What is required:
Repeat the entries that follow from start to finish, keeping every character.

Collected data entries
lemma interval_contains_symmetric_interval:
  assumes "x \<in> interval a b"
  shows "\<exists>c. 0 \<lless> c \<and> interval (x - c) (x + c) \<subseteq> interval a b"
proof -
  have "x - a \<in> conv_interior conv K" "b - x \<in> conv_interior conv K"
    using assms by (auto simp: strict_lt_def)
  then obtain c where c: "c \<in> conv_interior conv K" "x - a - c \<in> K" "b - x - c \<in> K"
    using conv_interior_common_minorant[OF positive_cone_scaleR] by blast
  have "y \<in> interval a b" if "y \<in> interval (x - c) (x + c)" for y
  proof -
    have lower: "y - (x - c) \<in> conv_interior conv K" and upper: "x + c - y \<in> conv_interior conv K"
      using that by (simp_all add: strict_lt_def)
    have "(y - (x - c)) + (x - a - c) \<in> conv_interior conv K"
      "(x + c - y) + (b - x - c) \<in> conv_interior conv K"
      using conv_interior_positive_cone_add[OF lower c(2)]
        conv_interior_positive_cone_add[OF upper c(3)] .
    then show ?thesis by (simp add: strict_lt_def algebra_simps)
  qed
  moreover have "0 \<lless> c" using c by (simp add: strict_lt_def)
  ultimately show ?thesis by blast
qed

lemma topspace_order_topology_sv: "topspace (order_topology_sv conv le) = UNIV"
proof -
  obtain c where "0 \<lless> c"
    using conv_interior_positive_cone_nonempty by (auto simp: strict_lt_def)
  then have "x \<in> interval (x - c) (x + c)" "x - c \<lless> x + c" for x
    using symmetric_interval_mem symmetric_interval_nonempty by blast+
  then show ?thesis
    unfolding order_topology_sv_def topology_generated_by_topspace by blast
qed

Result:
lemma interval_contains_symmetric_interval:
  assumes "x \<in> interval a b"
  shows "\<exists>c. 0 \<lless> c \<and> interval (x - c) (x + c) \<subseteq> interval a b"
proof -
  have "x - a \<in> conv_interior conv K" "b - x \<in> conv_interior conv K"
    using assms by (auto simp: strict_lt_def)
  then obtain c where c: "c \<in> conv_interior conv K" "x - a - c \<in> K" "b - x - c \<in> K"
    using conv_interior_common_minorant[OF positive_cone_scaleR] by blast
  have "y \<in> interval a b" if "y \<in> interval (x - c) (x + c)" for y
  proof -
    have lower: "y - (x - c) \<in> conv_interior conv K" and upper: "x + c - y \<in> conv_interior conv K"
      using that by (simp_all add: strict_lt_def)
    have "(y - (x - c)) + (x - a - c) \<in> conv_interior conv K"
      "(x + c - y) + (b - x - c) \<in> conv_interior conv K"
      using conv_interior_positive_cone_add[OF lower c(2)]
        conv_interior_positive_cone_add[OF upper c(3)] .
    then show ?thesis by (simp add: strict_lt_def algebra_simps)
  qed
  moreover have "0 \<lless> c" using c by (simp add: strict_lt_def)
  ultimately show ?thesis by blast
qed

lemma topspace_order_topology_sv: "topspace (order_topology_sv conv le) = UNIV"
proof -
  obtain c where "0 \<lless> c"
    using conv_interior_positive_cone_nonempty by (auto simp: strict_lt_def)
  then have "x \<in> interval (x - c) (x + c)" "x - c \<lless> x + c" for x
    using symmetric_interval_mem symmetric_interval_nonempty by blast+
  then show ?thesis
    unfolding order_topology_sv_def topology_generated_by_topspace by blast
qed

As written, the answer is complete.